• [Problem to solve]: Would you count how many lines of the material below hold the string "subst"? Give only the number.

• [Supplied data]:
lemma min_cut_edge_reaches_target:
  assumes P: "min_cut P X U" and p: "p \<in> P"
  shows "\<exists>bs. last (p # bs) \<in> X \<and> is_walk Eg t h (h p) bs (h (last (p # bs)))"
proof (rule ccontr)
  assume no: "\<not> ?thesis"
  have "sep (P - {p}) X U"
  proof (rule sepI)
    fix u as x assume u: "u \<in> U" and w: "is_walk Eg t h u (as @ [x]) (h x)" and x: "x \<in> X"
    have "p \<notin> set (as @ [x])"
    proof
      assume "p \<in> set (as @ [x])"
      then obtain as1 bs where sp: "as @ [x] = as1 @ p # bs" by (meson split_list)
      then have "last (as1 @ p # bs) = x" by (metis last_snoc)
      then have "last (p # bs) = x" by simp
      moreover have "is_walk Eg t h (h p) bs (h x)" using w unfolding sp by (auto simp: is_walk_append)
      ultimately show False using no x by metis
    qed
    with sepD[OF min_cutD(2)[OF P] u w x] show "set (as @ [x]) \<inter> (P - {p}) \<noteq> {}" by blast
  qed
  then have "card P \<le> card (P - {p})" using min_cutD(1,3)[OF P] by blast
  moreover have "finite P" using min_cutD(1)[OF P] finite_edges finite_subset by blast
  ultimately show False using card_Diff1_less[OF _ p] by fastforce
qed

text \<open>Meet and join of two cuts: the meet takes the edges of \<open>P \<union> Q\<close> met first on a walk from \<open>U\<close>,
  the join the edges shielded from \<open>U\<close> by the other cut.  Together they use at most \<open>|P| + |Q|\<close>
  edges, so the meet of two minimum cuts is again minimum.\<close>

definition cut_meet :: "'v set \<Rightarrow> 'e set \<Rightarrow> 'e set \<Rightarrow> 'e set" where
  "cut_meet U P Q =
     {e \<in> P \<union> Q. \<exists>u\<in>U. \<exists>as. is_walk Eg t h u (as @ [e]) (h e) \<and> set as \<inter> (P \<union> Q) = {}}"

...

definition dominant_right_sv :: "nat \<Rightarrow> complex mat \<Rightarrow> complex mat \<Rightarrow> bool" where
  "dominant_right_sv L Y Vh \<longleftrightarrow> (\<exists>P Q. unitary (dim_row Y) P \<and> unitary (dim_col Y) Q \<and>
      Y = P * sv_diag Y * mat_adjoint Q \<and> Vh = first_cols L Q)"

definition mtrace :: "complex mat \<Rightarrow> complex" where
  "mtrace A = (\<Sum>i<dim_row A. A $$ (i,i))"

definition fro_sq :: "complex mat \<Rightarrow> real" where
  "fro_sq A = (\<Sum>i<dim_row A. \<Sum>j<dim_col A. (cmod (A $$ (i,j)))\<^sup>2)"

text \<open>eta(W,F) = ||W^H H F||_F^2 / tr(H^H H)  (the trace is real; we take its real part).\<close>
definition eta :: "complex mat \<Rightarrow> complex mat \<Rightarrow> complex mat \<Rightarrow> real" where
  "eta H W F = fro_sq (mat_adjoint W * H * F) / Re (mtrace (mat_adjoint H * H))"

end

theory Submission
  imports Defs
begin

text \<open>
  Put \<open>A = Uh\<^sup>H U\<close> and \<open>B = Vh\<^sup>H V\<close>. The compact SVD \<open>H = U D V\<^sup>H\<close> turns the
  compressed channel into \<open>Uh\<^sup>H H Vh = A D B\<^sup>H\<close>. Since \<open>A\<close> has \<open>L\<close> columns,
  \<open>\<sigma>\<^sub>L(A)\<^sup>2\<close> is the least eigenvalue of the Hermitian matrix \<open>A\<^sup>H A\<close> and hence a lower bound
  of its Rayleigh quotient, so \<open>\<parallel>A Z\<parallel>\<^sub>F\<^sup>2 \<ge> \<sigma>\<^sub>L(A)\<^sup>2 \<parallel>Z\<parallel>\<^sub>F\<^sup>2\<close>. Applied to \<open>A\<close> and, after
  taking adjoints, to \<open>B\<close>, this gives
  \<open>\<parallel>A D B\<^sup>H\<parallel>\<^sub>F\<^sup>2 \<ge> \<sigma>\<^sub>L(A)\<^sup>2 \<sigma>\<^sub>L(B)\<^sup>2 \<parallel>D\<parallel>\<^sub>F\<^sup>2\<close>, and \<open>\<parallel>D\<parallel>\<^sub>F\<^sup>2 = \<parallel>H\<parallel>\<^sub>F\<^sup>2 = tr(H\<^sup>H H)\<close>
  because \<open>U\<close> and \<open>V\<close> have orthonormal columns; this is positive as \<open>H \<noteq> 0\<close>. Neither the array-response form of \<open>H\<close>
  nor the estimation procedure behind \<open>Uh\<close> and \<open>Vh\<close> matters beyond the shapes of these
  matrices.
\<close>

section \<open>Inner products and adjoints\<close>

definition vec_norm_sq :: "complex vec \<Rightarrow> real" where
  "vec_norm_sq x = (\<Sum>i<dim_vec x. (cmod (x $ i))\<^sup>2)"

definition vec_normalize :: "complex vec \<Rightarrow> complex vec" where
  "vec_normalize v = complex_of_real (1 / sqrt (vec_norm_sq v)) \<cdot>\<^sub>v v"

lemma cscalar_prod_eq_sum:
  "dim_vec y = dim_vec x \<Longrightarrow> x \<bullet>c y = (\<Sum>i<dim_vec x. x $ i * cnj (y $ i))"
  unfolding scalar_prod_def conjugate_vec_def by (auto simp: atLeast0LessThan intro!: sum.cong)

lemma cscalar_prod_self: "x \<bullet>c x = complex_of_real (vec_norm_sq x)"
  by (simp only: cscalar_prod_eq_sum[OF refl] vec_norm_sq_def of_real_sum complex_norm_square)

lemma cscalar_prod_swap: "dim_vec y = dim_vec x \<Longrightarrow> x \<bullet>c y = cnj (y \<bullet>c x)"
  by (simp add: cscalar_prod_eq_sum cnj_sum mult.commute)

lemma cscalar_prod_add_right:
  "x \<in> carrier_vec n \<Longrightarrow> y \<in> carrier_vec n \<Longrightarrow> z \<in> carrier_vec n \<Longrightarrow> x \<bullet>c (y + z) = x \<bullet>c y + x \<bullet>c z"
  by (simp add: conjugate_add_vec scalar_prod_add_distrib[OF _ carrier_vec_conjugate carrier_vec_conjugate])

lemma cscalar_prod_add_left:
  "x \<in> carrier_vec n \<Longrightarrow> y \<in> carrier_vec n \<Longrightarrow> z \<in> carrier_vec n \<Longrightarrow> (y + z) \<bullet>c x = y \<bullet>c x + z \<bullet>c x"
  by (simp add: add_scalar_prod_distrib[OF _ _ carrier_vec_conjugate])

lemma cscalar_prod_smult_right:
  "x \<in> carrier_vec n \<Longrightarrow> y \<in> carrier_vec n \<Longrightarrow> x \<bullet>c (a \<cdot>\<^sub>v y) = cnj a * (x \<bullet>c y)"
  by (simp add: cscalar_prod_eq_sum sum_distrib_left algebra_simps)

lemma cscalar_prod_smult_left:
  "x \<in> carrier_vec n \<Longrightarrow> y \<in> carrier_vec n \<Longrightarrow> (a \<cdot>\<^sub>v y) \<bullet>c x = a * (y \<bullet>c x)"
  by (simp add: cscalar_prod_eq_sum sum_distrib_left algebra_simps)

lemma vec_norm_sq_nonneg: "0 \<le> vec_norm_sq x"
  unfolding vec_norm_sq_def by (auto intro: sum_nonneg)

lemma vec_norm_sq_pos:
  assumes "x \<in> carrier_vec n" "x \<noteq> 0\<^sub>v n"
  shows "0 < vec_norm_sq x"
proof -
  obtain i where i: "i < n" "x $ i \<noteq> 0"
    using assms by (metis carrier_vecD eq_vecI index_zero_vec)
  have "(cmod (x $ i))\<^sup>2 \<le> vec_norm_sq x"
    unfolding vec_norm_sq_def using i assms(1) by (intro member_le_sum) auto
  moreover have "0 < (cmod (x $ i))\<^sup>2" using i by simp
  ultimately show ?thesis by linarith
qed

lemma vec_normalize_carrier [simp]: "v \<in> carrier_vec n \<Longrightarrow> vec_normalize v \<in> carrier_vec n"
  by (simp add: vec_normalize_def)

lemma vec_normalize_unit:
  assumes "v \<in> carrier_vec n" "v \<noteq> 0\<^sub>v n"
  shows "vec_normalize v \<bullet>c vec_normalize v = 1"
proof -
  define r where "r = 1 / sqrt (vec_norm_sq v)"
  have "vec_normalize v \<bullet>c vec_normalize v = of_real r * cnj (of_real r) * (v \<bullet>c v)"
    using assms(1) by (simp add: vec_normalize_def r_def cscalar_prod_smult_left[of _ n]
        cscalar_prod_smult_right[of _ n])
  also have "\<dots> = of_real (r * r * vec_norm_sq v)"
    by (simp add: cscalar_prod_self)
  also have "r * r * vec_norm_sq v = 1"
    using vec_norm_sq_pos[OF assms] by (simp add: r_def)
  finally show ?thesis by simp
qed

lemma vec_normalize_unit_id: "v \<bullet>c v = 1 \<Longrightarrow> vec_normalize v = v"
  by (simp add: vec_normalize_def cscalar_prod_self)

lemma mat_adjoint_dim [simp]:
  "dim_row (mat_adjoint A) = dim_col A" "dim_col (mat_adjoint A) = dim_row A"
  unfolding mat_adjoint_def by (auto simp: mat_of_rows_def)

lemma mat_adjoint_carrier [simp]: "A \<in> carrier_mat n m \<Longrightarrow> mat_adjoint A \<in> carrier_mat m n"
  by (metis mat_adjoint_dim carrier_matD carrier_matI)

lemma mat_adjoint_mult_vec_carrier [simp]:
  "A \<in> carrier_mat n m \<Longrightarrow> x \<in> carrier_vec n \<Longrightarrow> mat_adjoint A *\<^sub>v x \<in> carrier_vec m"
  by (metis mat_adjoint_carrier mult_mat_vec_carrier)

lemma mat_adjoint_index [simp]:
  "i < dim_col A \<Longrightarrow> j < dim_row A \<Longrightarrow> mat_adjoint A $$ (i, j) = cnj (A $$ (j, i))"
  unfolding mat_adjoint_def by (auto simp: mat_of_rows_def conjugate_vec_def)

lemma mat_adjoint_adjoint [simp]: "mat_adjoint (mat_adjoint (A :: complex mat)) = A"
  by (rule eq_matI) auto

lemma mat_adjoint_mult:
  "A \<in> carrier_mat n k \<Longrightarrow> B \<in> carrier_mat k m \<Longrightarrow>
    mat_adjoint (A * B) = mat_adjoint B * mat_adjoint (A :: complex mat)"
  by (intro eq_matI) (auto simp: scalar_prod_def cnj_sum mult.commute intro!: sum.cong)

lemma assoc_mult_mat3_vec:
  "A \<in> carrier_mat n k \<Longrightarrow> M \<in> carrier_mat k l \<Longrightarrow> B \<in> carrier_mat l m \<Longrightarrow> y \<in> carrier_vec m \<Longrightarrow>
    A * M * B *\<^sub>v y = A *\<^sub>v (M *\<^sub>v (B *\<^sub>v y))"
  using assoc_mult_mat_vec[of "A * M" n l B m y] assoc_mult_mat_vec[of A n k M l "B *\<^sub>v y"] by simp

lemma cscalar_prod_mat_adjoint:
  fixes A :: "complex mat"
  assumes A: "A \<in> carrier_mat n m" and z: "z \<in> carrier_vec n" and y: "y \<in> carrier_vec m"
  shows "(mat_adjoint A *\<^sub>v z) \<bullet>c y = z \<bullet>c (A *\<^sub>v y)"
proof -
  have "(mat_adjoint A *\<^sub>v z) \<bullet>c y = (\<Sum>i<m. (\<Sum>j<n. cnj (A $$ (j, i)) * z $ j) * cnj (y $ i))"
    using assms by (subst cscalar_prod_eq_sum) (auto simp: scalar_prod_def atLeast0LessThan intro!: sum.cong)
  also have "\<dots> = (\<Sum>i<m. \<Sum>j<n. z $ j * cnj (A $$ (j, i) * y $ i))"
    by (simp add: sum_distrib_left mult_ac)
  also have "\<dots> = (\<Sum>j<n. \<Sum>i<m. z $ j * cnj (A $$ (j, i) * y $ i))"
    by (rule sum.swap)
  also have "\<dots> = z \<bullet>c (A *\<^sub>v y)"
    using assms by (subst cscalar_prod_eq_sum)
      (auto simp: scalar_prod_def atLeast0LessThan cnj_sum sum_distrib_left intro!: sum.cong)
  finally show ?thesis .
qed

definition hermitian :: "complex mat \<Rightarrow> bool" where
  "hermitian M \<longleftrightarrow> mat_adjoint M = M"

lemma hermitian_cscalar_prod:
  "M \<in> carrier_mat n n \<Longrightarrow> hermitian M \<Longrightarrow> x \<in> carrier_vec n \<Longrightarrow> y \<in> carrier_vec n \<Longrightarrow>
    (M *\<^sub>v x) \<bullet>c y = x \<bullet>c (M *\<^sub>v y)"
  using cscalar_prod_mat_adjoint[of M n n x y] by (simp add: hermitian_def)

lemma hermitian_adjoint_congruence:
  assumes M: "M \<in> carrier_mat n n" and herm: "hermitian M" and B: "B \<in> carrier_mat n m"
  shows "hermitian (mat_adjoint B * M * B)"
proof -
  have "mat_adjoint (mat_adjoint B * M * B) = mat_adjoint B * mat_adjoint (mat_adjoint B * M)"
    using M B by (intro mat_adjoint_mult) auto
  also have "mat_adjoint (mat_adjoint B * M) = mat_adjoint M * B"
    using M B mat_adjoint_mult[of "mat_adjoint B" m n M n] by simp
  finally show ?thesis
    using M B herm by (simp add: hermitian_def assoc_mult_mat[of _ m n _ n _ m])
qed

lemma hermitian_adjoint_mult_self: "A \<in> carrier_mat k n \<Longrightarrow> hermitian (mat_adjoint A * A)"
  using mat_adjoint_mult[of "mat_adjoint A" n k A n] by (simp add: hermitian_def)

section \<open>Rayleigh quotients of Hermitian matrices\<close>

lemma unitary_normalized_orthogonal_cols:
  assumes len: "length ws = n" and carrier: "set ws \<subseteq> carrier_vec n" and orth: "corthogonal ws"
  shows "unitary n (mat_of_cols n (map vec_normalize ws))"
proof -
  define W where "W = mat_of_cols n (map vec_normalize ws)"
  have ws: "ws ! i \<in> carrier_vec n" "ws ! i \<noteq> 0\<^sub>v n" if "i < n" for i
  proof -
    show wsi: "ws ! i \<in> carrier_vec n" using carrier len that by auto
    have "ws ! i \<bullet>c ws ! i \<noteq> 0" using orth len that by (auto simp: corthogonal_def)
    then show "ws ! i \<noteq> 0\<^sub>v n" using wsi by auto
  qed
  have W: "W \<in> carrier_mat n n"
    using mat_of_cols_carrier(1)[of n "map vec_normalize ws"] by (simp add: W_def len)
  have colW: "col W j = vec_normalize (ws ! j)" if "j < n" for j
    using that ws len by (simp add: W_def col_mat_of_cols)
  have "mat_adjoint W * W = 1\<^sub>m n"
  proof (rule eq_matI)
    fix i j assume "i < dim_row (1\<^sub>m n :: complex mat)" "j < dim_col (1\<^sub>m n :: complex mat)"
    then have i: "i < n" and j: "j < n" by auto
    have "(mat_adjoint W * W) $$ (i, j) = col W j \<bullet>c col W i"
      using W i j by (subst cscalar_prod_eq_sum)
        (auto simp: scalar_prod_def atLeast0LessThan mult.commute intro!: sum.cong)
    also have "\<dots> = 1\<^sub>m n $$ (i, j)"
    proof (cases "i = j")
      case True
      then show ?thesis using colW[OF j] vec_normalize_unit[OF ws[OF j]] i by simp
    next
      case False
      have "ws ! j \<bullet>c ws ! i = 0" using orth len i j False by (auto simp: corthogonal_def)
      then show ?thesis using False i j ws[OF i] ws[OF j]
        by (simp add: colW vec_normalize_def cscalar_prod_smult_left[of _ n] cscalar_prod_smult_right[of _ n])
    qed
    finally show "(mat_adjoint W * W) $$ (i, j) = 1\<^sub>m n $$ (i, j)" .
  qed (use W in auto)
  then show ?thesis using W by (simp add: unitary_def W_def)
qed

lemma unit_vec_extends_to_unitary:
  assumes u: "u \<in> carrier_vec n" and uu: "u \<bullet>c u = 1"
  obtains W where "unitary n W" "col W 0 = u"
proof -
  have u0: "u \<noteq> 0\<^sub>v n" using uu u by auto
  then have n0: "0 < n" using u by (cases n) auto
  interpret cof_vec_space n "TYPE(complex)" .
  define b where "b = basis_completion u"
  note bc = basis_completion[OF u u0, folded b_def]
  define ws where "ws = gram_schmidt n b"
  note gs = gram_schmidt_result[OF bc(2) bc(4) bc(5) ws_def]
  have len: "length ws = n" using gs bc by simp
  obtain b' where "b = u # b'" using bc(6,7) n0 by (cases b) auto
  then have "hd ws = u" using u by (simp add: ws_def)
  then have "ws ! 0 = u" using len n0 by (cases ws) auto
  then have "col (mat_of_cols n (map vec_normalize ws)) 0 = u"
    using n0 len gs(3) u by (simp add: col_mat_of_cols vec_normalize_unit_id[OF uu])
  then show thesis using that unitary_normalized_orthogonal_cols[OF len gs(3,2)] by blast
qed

• [Answer for the task]: 3